1) Will I be feeling any pain when under anesthesia?
Once you’re asleep, we will administer medications that will control pain and anxiety, ensuring a comfortable experience during the procedure.
2) Why would I or my child need treatment under general anesthesia? Can’t this be done without it?
There are patients with specific needs that would not allow them to sit through a dental procedure. Children and patients with special needs may not voluntarily endure a long dental procedure or allow for any treatment to commence. True, most dental procedures could be done in multiple appointments but the patient as well as the provider may opt to get complete the procedure in a single appointment while the patient is comfortably asleep.
3) How long will I be under? How will I be charged?
Length of procedure is ultimately dependant upon the amount of dental work that needs to be completed. Anesthesia fees are given charged for the first hour and each additional increments of time thereafter.
4) What is the difference between sedation and general anesthesia?
There are different levels of sedation on one of the spectrum and general anesthesia on the other end. There is mild sedation whereby the patient is sedated but is partially awake, enough to respond to the treating clinician. Moderate sedation occurs when the patient may or may not fully respond to commands from the clinician. Deep Sedation/General anesthesia occurs when the patient is completely asleep whereby they are not aware during the treating procedure, muscle relaxation and no recollection of procedure.
5) Why is it important not to eat before before procedure? How many hours before should I stop eating or drinking?
Eating just prior to undergoing anesthesia can be life threatening if the anesthesiologist is not aware of it. Doing so runs the risk for a possible aspiration whereby the stomach contents can be vomited during anesthesia which can enter the lungs causing severe respiratory damage.
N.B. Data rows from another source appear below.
lemma A_trace_A_mult_lincomb_left:
  "A_trace m (A_mult m (lincomb k a U) g) = (\<Sum>i<k. a i * A_trace m (A_mult m (U i) g))"
proof (induction k)
  case 0
  show ?case
    by (simp add: lincomb_def A_mult_def A_trace_def)
next
  case (Suc k)
  then show ?case
    by (simp add: lincomb_Suc A_mult_add_left A_mult_smult_left A_trace_add A_trace_smult)
qed

lemma A_trace_A_mult_lincomb:
  "A_trace m (A_mult m (lincomb k a U) (lincomb k b U))
    = (\<Sum>i<k. \<Sum>j<k. a i * b j * A_trace m (A_mult m (U i) (U j)))"
proof -
  have "A_trace m (A_mult m (lincomb k a U) (lincomb k b U))
      = (\<Sum>i<k. a i * A_trace m (A_mult m (U i) (lincomb k b U)))"
    by (rule A_trace_A_mult_lincomb_left)
  also have "\<dots> = (\<Sum>i<k. a i * A_trace m (A_mult m (lincomb k b U) (U i)))"
    by (simp only: A_mult_commute[of m "U i" "lincomb k b U" for i])
  also have "\<dots> = (\<Sum>i<k. \<Sum>j<k. a i * b j * A_trace m (A_mult m (U j) (U i)))"
    unfolding A_trace_A_mult_lincomb_left by (simp add: sum_distrib_left mult.assoc)
  also have "\<dots> = (\<Sum>i<k. \<Sum>j<k. a i * b j * A_trace m (A_mult m (U i) (U j)))"
    by (simp only: A_mult_commute[of m "U j" "U i" for i j])
  finally show ?thesis .
qed

text \<open>The Gram matrix of the trace form transforms as $T G T^t$.\<close>

lemma Disc_change_of_basis:
  fixes m :: "'a::field_gcd poly poly" and T :: "'a poly fract mat"
  assumes T: "T \<in> carrier_mat (degree m) (degree m)"
    and WTU: "\<forall>i<degree m. W i = lincomb (degree m) (\<lambda>j. T $$ (i, j)) U"
  shows "Disc m W = det T ^ 2 * Disc m U"
proof -
  define k where "k = degree m"
  define G where "G = mat k k (\<lambda>(i, j). A_trace m (A_mult m (U i) (U j)))"
  have T': "T \<in> carrier_mat k k" and G: "G \<in> carrier_mat k k"
    using T unfolding k_def G_def by simp_all
  have gram: "mat k k (\<lambda>(i, j). A_trace m (A_mult m (W i) (W j))) = T * G * transpose_mat T"
  proof (rule eq_matI)
    fix i j
    assume "i < dim_row (T * G * transpose_mat T)" "j < dim_col (T * G * transpose_mat T)"
    then have i: "i < k" and j: "j < k"
      using T' G by auto
    have "(T * G * transpose_mat T) $$ (i, j)
        = (\<Sum>h<k. \<Sum>l<k. T $$ (i, h) * T $$ (j, l) * G $$ (h, l))"
      using T' G i j
      by (simp add: scalar_prod_def sum_distrib_left algebra_simps lessThan_atLeast0)
    also have "\<dots> = A_trace m (A_mult m (W i) (W j))"
      using WTU i j unfolding k_def G_def by (simp add: A_trace_A_mult_lincomb)
    finally show "mat k k (\<lambda>(i, j). A_trace m (A_mult m (W i) (W j))) $$ (i, j)
        = (T * G * transpose_mat T) $$ (i, j)"
      using i j by simp
  qed (use T' G in auto)
  have "det (T * G * transpose_mat T) = det T * det G * det T"
    using T' G by (simp add: det_mult[of _ k] det_transpose)
  then show ?thesis
    unfolding Disc_def k_def[symmetric] gram G_def[symmetric] by (simp add: power2_eq_square)
qed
Guidelines for NPO status (nothing by mouth) include not eating solids for at least 6 hours, no milk (including cream in your coffee) for at least 4 hours prior and clear fluids (including water or apple juice) for at least 2 hours.
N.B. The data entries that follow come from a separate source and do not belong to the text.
lemma wanda_wins_moveI:
  "legal_move d s i v \<Longrightarrow> wanda_wins d False (s(i := Some v)) \<Longrightarrow> wanda_wins d True s"
  by (blast intro: wanda_wins.wanda_move dest: legal_move_not_complete)

definition cubic_position :: "'a option \<Rightarrow> 'a option \<Rightarrow> 'a option \<Rightarrow> 'a option \<Rightarrow> nat \<Rightarrow> 'a option"
  where "cubic_position a0 a1 a2 a3 i =
    (if i = 0 then a0 else if i = 1 then a1 else if i = 2 then a2 else if i = 3 then a3 else None)"

lemma cubic_position_empty: "cubic_position None None None None = (\<lambda>_. None)"
  by (simp add: cubic_position_def fun_eq_iff)

lemma cubic_position_update [simp]:
  "(cubic_position a0 a1 a2 a3)(0 := Some v) = cubic_position (Some v) a1 a2 a3"
  "(cubic_position a0 a1 a2 a3)(Suc 0 := Some v) = cubic_position a0 (Some v) a2 a3"
  "(cubic_position a0 a1 a2 a3)(2 := Some v) = cubic_position a0 a1 (Some v) a3"
  "(cubic_position a0 a1 a2 a3)(3 := Some v) = cubic_position a0 a1 a2 (Some v)"
  by (auto simp: cubic_position_def fun_eq_iff)

lemma complete_cubic_position [simp]:
  "complete 3 (cubic_position a0 a1 a2 a3) \<longleftrightarrow>
     a0 \<noteq> None \<and> a1 \<noteq> None \<and> a2 \<noteq> None \<and> a3 \<noteq> None"
  by (auto simp: complete_def cubic_position_def numeral_3_eq_3 le_Suc_eq)

lemma has_root_cubic_position [simp]:
  "has_root 3 (cubic_position (Some a0) (Some a1) (Some a2) (Some a3)) \<longleftrightarrow>
     (\<exists>x. a0 + a1 * x + a2 * x^2 + a3 * x^3 = 0)"
  by (simp add: has_root_def cubic_position_def numeral_3_eq_3 add.assoc power2_eq_square)

lemma legal_move_cubic_position [simp]:
  "legal_move 3 (cubic_position a0 a1 a2 a3) i v \<longleftrightarrow>
     i = 0 \<and> a0 = None \<and> v \<noteq> 0 \<or> i = 1 \<and> a1 = None \<or> i = 2 \<and> a2 = None \<or>
     i = 3 \<and> a3 = None \<and> v \<noteq> 0"
  by (auto simp: legal_move_def cubic_position_def)

lemma wanda_wins_cubic_rootI:
  "a0 + a1 * x + a2 * x^2 + a3 * x^3 = 0 \<Longrightarrow>
     wanda_wins 3 t (cubic_position (Some a0) (Some a1) (Some a2) (Some a3))"
  by (rule wanda_wins.terminal) auto

lemma wanda_completes_linear_coeff:
  "wanda_wins 3 True (cubic_position (Some a0) None (Some a2) (Some a3))"
  by (rule wanda_wins_moveI[where i = 1 and v = "- (a0 + a2 + a3)"])
    (auto intro: wanda_wins_cubic_rootI[where x = 1])

lemma wanda_completes_quadratic_coeff:
  "wanda_wins 3 True (cubic_position (Some a0) (Some a1) None (Some a3))"
  by (rule wanda_wins_moveI[where i = 2 and v = "- (a0 + a1 + a3)"])
    (auto intro: wanda_wins_cubic_rootI[where x = 1])

lemma wanda_completes_leading_coeff:
  "a3 \<noteq> 0 \<Longrightarrow> a0 + a1 * x + a2 * x^2 + a3 * x^3 = 0 \<Longrightarrow>
     wanda_wins 3 True (cubic_position (Some a0) (Some a1) (Some a2) None)"
  by (rule wanda_wins_moveI[where i = 3 and v = a3]) (auto intro: wanda_wins_cubic_rootI)

lemma nora_completes_leading_coeff:
  assumes "\<And>w. w \<noteq> 0 \<Longrightarrow> \<exists>x. a0 + a1 * x + a2 * x^2 + w * x^3 = 0"
  shows "wanda_wins 3 False (cubic_position (Some a0) (Some a1) (Some a2) None)"
proof (rule wanda_wins.nora_move)
  fix i v
  assume "legal_move 3 (cubic_position (Some a0) (Some a1) (Some a2) None) i v"
  with assms
  show "wanda_wins 3 True ((cubic_position (Some a0) (Some a1) (Some a2) None)(i := Some v))"
    by (auto intro: wanda_wins_cubic_rootI)
qed simp

lemma nora_completes_quadratic_coeff:
  assumes "\<And>w. \<exists>x. a0 + a1 * x + w * x^2 + a3 * x^3 = 0"
  shows "wanda_wins 3 False (cubic_position (Some a0) (Some a1) None (Some a3))"
proof (rule wanda_wins.nora_move)
  fix i v
  assume "legal_move 3 (cubic_position (Some a0) (Some a1) None (Some a3)) i v"
  with assms
  show "wanda_wins 3 True ((cubic_position (Some a0) (Some a1) None (Some a3))(i := Some v))"
    by (auto intro: wanda_wins_cubic_rootI)
qed simp

lemma wanda_wins_middle_coeffs_open:
  "wanda_wins 3 False (cubic_position (Some a0) None None (Some a3))"
proof (rule wanda_wins.nora_move)
  fix i v
  assume "legal_move 3 (cubic_position (Some a0) None None (Some a3)) i v"
  then show "wanda_wins 3 True ((cubic_position (Some a0) None None (Some a3))(i := Some v))"
    by (auto simp: wanda_completes_linear_coeff wanda_completes_quadratic_coeff)
qed simp

lemma ex_nonzero_leading_coeff_root:
  fixes b c :: 16
  obtains e x where "e \<noteq> 0" "1 + b * x + c * x^2 + e * x^3 = 0"
proof -
  consider "1 + b + c \<noteq> 0" | "1 - b + c \<noteq> 0" | "1 + b + c = 0" "1 - b + c = 0"
    by blast
  then show ?thesis
  proof cases
    case 1
    show ?thesis
    proof (rule that)
      show "- (1 + b + c) \<noteq> 0"
        using 1 by (metis neg_equal_0_iff_equal)
      show "1 + b * 1 + c * 1^2 + - (1 + b + c) * 1^3 = 0"
        by simp
    qed
  next
    case 2
    show ?thesis
    proof (rule that)
      show "1 - b + c \<noteq> 0"
        using 2 .
      show "1 + b * (- 1) + c * (- 1)^2 + (1 - b + c) * (- 1)^3 = 0"
        by simp
    qed
  next
    case 3
    have "1 + b * 3 + c * 3^2 + 8 * 3^3 =
        9 * (1 + b + c) - 3 * ((1 + b + c) - (1 - b + c)) + (208 :: 16)"
      by (simp add: algebra_simps)
    also have "\<dots> = 0"
      using 3 by simp
    finally show ?thesis
      by (rule that[rotated]) simp
  qed
qed

lemma sixteen_eq_zero: "(16 :: 16) = 0"
  by simp

lemma UNIV_16: "(UNIV :: 16 set) = {0, 1, 2, 3, 4, 5, 6, 7, 8, 9, 10, 11, 12, 13, 14, 15}"
  by (rule card_subset_eq[symmetric]) auto

lemma residue_cases_mod_4:
  fixes v :: 16
  obtains u where "v = 2 * u + 1" "v \<notin> {0, 4, 8, 12}"
    | m where "v = 4 * m + 2" "v \<notin> {0, 4, 8, 12}"
    | "v \<in> {0, 4, 8, 12}"
proof -
  have "(\<exists>u. v = 2 * u + 1 \<and> v \<notin> {0, 4, 8, 12}) \<or>
      (\<exists>m. v = 4 * m + 2 \<and> v \<notin> {0, 4, 8, 12}) \<or> v \<in> {0, 4, 8, 12}"
    using UNIV_I[of v] unfolding bex_UNIV[symmetric] UNIV_16 by auto
  with that show ?thesis
    by blast
qed

lemma ex_root_four_plus_x: "\<exists>x. 4 + x + c * x^2 + w * x^3 = (0 :: 16)"
proof
  have "4 + (- 4) + c * (- 4)^2 + w * (- 4)^3 = 16 * (c - 4 * w)"
    by (simp add: algebra_simps)
  then show "4 + (- 4) + c * (- 4)^2 + w * (- 4)^3 = (0 :: 16)"
    by (simp only: sixteen_eq_zero mult_zero_left)
qed

lemma ex_root_odd_linear_coeff:
  fixes c u w :: 16
  defines "v \<equiv> 2 * u + 1"
  shows "\<exists>x. 4 + v * x + c * x^2 + w * x^3 = 0"
proof
  have "4 + v * (- 4 * v) + c * (- 4 * v)^2 + w * (- 4 * v)^3 =
      16 * (c * v^2 - 4 * w * v^3 - u * (u + 1))"
    unfolding v_def by (simp add: algebra_simps power2_eq_square power3_eq_cube)
  then show "4 + v * (- 4 * v) + c * (- 4 * v)^2 + w * (- 4 * v)^3 = 0"
    by (simp only: sixteen_eq_zero mult_zero_left)
qed

lemma ex_root_linear_coeff_2_mod_4:
  fixes m w :: 16
  defines "v \<equiv> 4 * m + 2"
  shows "\<exists>x. 4 + v * x + w * x^3 = 0"
proof
  let ?x = "- (v + 4 * w)"
  have "4 + v * ?x + w * ?x^3 =
      - 16 * ((m + w) * (m + w + 1) * (1 + 2 * w * (2 * m + 1 + 2 * w)))"
    unfolding v_def by (simp add: algebra_simps power2_eq_square power3_eq_cube)
  then show "4 + v * ?x + w * ?x^3 = 0"
    by (simp only: sixteen_eq_zero minus_zero mult_zero_left)
qed

definition quadratic_reply :: "16 \<Rightarrow> 16"
  where "quadratic_reply v = (if v \<in> {0, 8} then 3 else if v \<in> {4, 12} then 1 else 0)"

lemma ex_root_linear_coeff_0_mod_4:
  fixes v w :: 16
  assumes "v \<in> {0, 4, 8, 12}" and "w \<noteq> 0"
  shows "\<exists>x. 4 + v * x + quadratic_reply v * x^2 + w * x^3 = 0"
  using assms UNIV_I[of w] unfolding bex_UNIV[symmetric] UNIV_16 quadratic_reply_def by auto

lemma ex_root_quadratic_reply:
  fixes v w :: 16
  assumes "w \<noteq> 0"
  shows "\<exists>x. 4 + v * x + quadratic_reply v * x^2 + w * x^3 = 0"
proof (cases v rule: residue_cases_mod_4)
  case 1
  then show ?thesis
    using ex_root_odd_linear_coeff by blast
next
  case 2
  then have "quadratic_reply v = 0"
    by (simp add: quadratic_reply_def)
  with 2 show ?thesis
    using ex_root_linear_coeff_2_mod_4 by auto
next
  case 3
  then show ?thesis
    using assms by (rule ex_root_linear_coeff_0_mod_4)
qed

lemma wanda_wins_after_linear_coeff:
  fixes b :: 16
  shows "wanda_wins 3 False (cubic_position (Some 1) (Some b) None None)"
proof (rule wanda_wins.nora_move)
  fix i v
  assume "legal_move 3 (cubic_position (Some 1) (Some b) None None) i v"
  then consider "i = 2" | "i = 3"
    by auto
  then show "wanda_wins 3 True ((cubic_position (Some 1) (Some b) None None)(i := Some v))"
  proof cases
    case 1
    obtain e x where "e \<noteq> 0" "1 + b * x + v * x^2 + e * x^3 = 0"
      by (rule ex_nonzero_leading_coeff_root)
    with 1 show ?thesis
      by (simp add: wanda_completes_leading_coeff)
  next
    case 2
    then show ?thesis
      by (simp add: wanda_completes_quadratic_coeff)
  qed
qed simp

lemma wanda_wins_after_quadratic_coeff:
  fixes c :: 16
  shows "wanda_wins 3 False (cubic_position (Some 1) None (Some c) None)"
proof (rule wanda_wins.nora_move)
  fix i v
  assume "legal_move 3 (cubic_position (Some 1) None (Some c) None) i v"
  then consider "i = 1" | "i = 3"
    by auto
  then show "wanda_wins 3 True ((cubic_position (Some 1) None (Some c) None)(i := Some v))"
  proof cases
    case 1
    obtain e x where "e \<noteq> 0" "1 + v * x + c * x^2 + e * x^3 = 0"
      by (rule ex_nonzero_leading_coeff_root)
    with 1 show ?thesis
      by (simp add: wanda_completes_leading_coeff)
  next
    case 2
    then show ?thesis
      by (simp add: wanda_completes_linear_coeff)
  qed
qed simp

lemma wanda_wins_second: "wanda_wins 3 False (cubic_position None None None None :: nat \<Rightarrow> 16 option)"
proof (rule wanda_wins.nora_move)
  fix i v
  assume "legal_move 3 (cubic_position None None None None :: nat \<Rightarrow> 16 option) i v"
  then consider "i = 0" | "i = 1" | "i = 2" | "i = 3"
    by auto
  then show "wanda_wins 3 True ((cubic_position None None None None)(i := Some v))"
  proof cases
    case 1
    have "wanda_wins 3 True (cubic_position (Some v) None None None)"
      by (rule wanda_wins_moveI[where i = 3 and v = 1]) (simp_all add: wanda_wins_middle_coeffs_open)
    with 1 show ?thesis
      by simp
  next
    case 2
    have "wanda_wins 3 True (cubic_position None (Some v) None None)"
      by (rule wanda_wins_moveI[where i = 0 and v = 1]) (simp_all add: wanda_wins_after_linear_coeff)
    with 2 show ?thesis
      by simp
  next
    case 3
    have "wanda_wins 3 True (cubic_position None None (Some v) None)"
      by (rule wanda_wins_moveI[where i = 0 and v = 1]) (simp_all add: wanda_wins_after_quadratic_coeff)
    with 3 show ?thesis
      by simp
  next
    case 4
    have "wanda_wins 3 True (cubic_position None None None (Some v))"
      by (rule wanda_wins_moveI[where i = 0 and v = 1]) (simp_all add: wanda_wins_middle_coeffs_open)
    with 4 show ?thesis
      by simp
  qed
qed simp

lemma wanda_wins_after_constant_four:
  "wanda_wins 3 False (cubic_position (Some 4) None None None :: nat \<Rightarrow> 16 option)"
proof (rule wanda_wins.nora_move)
  fix i v
  assume "legal_move 3 (cubic_position (Some 4) None None None :: nat \<Rightarrow> 16 option) i v"
  then consider "i = 1" | "i = 2" | "i = 3"
    by auto
  then show "wanda_wins 3 True ((cubic_position (Some 4) None None None)(i := Some v))"
  proof cases
    case 1
    have "wanda_wins 3 False (cubic_position (Some 4) (Some v) (Some (quadratic_reply v)) None)"
      by (rule nora_completes_leading_coeff) (rule ex_root_quadratic_reply)
    with 1 show ?thesis
      by (auto intro: wanda_wins_moveI[where i = 2 and v = "quadratic_reply v"])
  next
    case 2
    have "wanda_wins 3 False (cubic_position (Some 4) (Some 1) (Some v) None)"
      by (rule nora_completes_leading_coeff) (simp add: ex_root_four_plus_x)
    with 2 show ?thesis
      by (auto intro: wanda_wins_moveI[where i = 1 and v = 1])
  next
    case 3
    have "wanda_wins 3 False (cubic_position (Some 4) (Some 1) None (Some v))"
      by (rule nora_completes_quadratic_coeff) (simp add: ex_root_four_plus_x)
    with 3 show ?thesis
      by (auto intro: wanda_wins_moveI[where i = 1 and v = 1])
  qed
qed simp

lemma wanda_wins_first: "wanda_wins 3 True (cubic_position None None None None :: nat \<Rightarrow> 16 option)"
  by (rule wanda_wins_moveI[where i = 0 and v = 4]) (simp_all add: wanda_wins_after_constant_four)

theorem lemma9:
  shows "wanda_wins 3 True (\<lambda>_. None :: 16 option) \<and> wanda_wins 3 False (\<lambda>_. None :: 16 option)"
  using wanda_wins_first wanda_wins_second by (simp add: cubic_position_empty)

end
6) Can I go home after the procedure?
Yes, once the anesthesiologist has deemed it safe for the patient to return home for waking from anesthesia. Dental procedures under anesthesia in the outpatient setting such as a private dental office or surgical center are designed allow the patient to go home and not admitted into a hospital for overnight stay.
7) Is dental treatment under anesthesia safe for me or my child?
Absolutely. Our utmost priority is the safety and well being for our patients. Each patient will be monitored with the same equipment that is used in a hospital setting, such as blood pressure, oxygen/ventilation, and electrocardiogram (EKG). The anesthesiologist will be by the patient's side before, during and after procedure, never leaving their side. During procedure, there is a minimum of 3 health care providers present in the room as part of the treatment team.
8) What qualifications do you have as a dental anesthesiologist? What is your training?
A dental anesthesiologist has completed dental school followed by a speciality residency training accredited by CODA. Training includes a residency duration of at least 2 to 3 years in a hospital and private practice setting.
9) Do you have all the necessary equipment to perform anesthesia in the dental office safely?
Each anesthesiologist brings with them emergency resuscitation equipment including the necessary medications for both pediatric and adult patients.
10) How long will it take for me or my child to wake up from the anesthesia?
Each case is different as each patient have a different medical history. Generally, most emergence from anesthesia and discharge home is within 30 minutes of completion of procedure.
11) Is it possible for me to be present in the treatment room with my child during their appointment under anesthesia?
Unfortunately, parents and other family members are not allowed in the treatment room once a patient is under anesthesia. This is a matter of patient safety whereby the treating personnel can focus their attention on the patient under anesthesia and not on other members who are not a part of the treatment team.
12) What information do I need to know or provide to the anesthesiologist ahead of the treatment day?
To ensure the safety of a procedure and of the patient, it is the utmost importance to report any medical issues to your anesthesiologist including past and present medical conditions, drug addiction, history of surgeries and current medications and allergies.
13) What items should I prepare to bring on the day of treatment under anesthesia?
Please ensure adequate travel arrangements to and from the office are made ahead of time. It’s best to arrange rides with family and friends as they will assist the patient to and from the car and into their home for further supervision during recovery. As for specific items, we recommend wearing loose fitting comfortable clothing including a short-sleeve t-shirt and shoes (no flip flops). For children, be prepared to bring extra change of clothes, blanket and a stuffed animal that provides them comfort and security.
14) I had a procedure under anesthesia before. Will that be an issue?
No. Please report any surgeries under anesthesia and more importantly, any complications from the anesthesia including fevers, life-threatening events, nausea and vomiting. Notify the anesthesiologist of any complications from any of your family members as well.
15) Will I be awake during the procedure which will cause me to remember?
Under anesthesia, the goal is to have the patient comfortable, asleep and not moving during the procedure, allowing the dental team to provide their services. There is a small probability of any memory recall from procedures under anesthesia.